DATA EXCERPTS below:

(* Let $n\ge 1$ and let $M$ be a finitely generated $A$-module. Then $M$ is $n$-strongly Gorenstein-projective if and only if $\Omega^nM\cong M$ in the stable category $A\text{-}\underline{\mathrm{mod}}$ and $\mathrm{Ext}^i_A(M,A)=0$ for $1\le i\le n$.
   Context: $A$ is an artin algebra; modules are finitely generated left $A$-modules. A complex $P^\bullet$ of finitely generated projective modules is totally acyclic if it is acyclic and $\mathrm{Hom}_A(P^\bullet,A)$ is acyclic. A totally acyclic complex is $n$-strong if it is $n$-periodic: $P^{i+n}=P^i$ and $d^{i+n}=d^i$ for all $i$. $M$ is $n$-strongly Gorenstein-projective if $M\cong Z^0(P^\bullet)$ for an $n$-strong totally acyclic complex $P^\bullet$. $A\text{-}\underline{\mathrm{mod}}$ is the stable category modulo morphisms factoring through projective modules; $\Omega M$ is the kernel of an epimorphism from a projective module onto $M$ (well defined in the stable category) and $\Omega^n$ its $n$-th iterate. *)

theory Defs
  imports Main
begin

definition ring_ideal :: "'r::comm_ring_1 set \<Rightarrow> bool" where
  "ring_ideal I \<longleftrightarrow> 0 \<in> I \<and> (\<forall>x\<in>I. \<forall>y\<in>I. x + y \<in> I) \<and> (\<forall>r. \<forall>x\<in>I. r * x \<in> I)"

definition artinian_ring :: "'r::comm_ring_1 itself \<Rightarrow> bool" where
  "artinian_ring _ \<longleftrightarrow>
     (\<forall>I :: nat \<Rightarrow> 'r set. (\<forall>k. ring_ideal (I k) \<and> I (Suc k) \<subseteq> I k)
        \<longrightarrow> (\<exists>N. \<forall>m\<ge>N. I m = I N))"

text \<open>The ring A (the whole type 'a) is an artin algebra over the commutative artinian
  ring R (the whole type 'r) via the structure map phi: phi is a unital ring homomorphism
  into the centre of A, and A is finitely generated as an R-module.\<close>
definition artin_algebra :: "('r::comm_ring_1 \<Rightarrow> 'a::ring_1) \<Rightarrow> bool" where
  "artin_algebra phi \<longleftrightarrow>
     artinian_ring TYPE('r) \<and>
     phi 1 = 1 \<and> (\<forall>x y. phi (x + y) = phi x + phi y) \<and> (\<forall>x y. phi (x * y) = phi x * phi y) \<and>
     (\<forall>r a. phi r * a = a * phi r) \<and>
     (\<exists>S. finite S \<and> (\<forall>a. \<exists>c. a = (\<Sum>s\<in>S. phi (c s) * s)))"

record ('a, 'm) lmod =
  lcarrier :: "'m set"
  ladd :: "'m \<Rightarrow> 'm \<Rightarrow> 'm"
  lzero :: "'m"
  lsmult :: "'a \<Rightarrow> 'm \<Rightarrow> 'm"

definition lmodule :: "('a::ring_1, 'm) lmod \<Rightarrow> bool" where
  "lmodule M \<longleftrightarrow>
     lzero M \<in> lcarrier M \<and>
     (\<forall>x\<in>lcarrier M. \<forall>y\<in>lcarrier M. ladd M x y \<in> lcarrier M) \<and>
     (\<forall>a. \<forall>x\<in>lcarrier M. lsmult M a x \<in> lcarrier M) \<and>
     (\<forall>x\<in>lcarrier M. \<forall>y\<in>lcarrier M. \<forall>z\<in>lcarrier M. ladd M (ladd M x y) z = ladd M x (ladd M y z)) \<and>
     (\<forall>x\<in>lcarrier M. \<forall>y\<in>lcarrier M. ladd M x y = ladd M y x) \<and>
     (\<forall>x\<in>lcarrier M. ladd M (lzero M) x = x) \<and>
     (\<forall>x\<in>lcarrier M. \<exists>y\<in>lcarrier M. ladd M x y = lzero M) \<and>
     (\<forall>a. \<forall>x\<in>lcarrier M. \<forall>y\<in>lcarrier M. lsmult M a (ladd M x y) = ladd M (lsmult M a x) (lsmult M a y)) \<and>
     (\<forall>a b. \<forall>x\<in>lcarrier M. lsmult M (a + b) x = ladd M (lsmult M a x) (lsmult M b x)) \<and>
     (\<forall>a b. \<forall>x\<in>lcarrier M. lsmult M (a * b) x = lsmult M a (lsmult M b x)) \<and>
     (\<forall>x\<in>lcarrier M. lsmult M 1 x = x)"

definition lsub :: "('a::ring_1, 'm) lmod \<Rightarrow> 'm \<Rightarrow> 'm \<Rightarrow> 'm" where
  "lsub M x y = ladd M x (lsmult M (-1) y)"

definition submodule :: "'m set \<Rightarrow> ('a::ring_1, 'm) lmod \<Rightarrow> bool" where
  "submodule N M \<longleftrightarrow> N \<subseteq> lcarrier M \<and> lzero M \<in> N \<and>
     (\<forall>x\<in>N. \<forall>y\<in>N. ladd M x y \<in> N) \<and> (\<forall>a. \<forall>x\<in>N. lsmult M a x \<in> N)"

definition fin_gen :: "('a::ring_1, 'm) lmod \<Rightarrow> bool" where
  "fin_gen M \<longleftrightarrow> (\<exists>S. finite S \<and> S \<subseteq> lcarrier M \<and>
     (\<forall>N. submodule N M \<and> S \<subseteq> N \<longrightarrow> N = lcarrier M))"

text \<open>A-linear maps (only their values on the carrier matter).\<close>
definition lhom :: "('a::ring_1, 'm) lmod \<Rightarrow> ('a, 'n) lmod \<Rightarrow> ('m \<Rightarrow> 'n) set" where
  "lhom M N = {f. (\<forall>x\<in>lcarrier M. f x \<in> lcarrier N) \<and>
     (\<forall>x\<in>lcarrier M. \<forall>y\<in>lcarrier M. f (ladd M x y) = ladd N (f x) (f y)) \<and>
     (\<forall>a. \<forall>x\<in>lcarrier M. f (lsmult M a x) = lsmult N a (f x))}"

definition lmod_iso :: "('a::ring_1, 'm) lmod \<Rightarrow> ('a, 'n) lmod \<Rightarrow> bool" where
  "lmod_iso M N \<longleftrightarrow> (\<exists>f\<in>lhom M N. bij_betw f (lcarrier M) (lcarrier N))"

definition lkernel :: "('a::ring_1, 'm) lmod \<Rightarrow> ('a, 'n) lmod \<Rightarrow> ('m \<Rightarrow> 'n) \<Rightarrow> ('a, 'm) lmod" where
  "lkernel M N f = M\<lparr>lcarrier := {x \<in> lcarrier M. f x = lzero N}\<rparr>"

End of DATA EXCERPTS.

## [TASK DETAILS]
The total alone is wanted: how many lines in the listing above contain "cong".

## [TASK SOLUTION]
2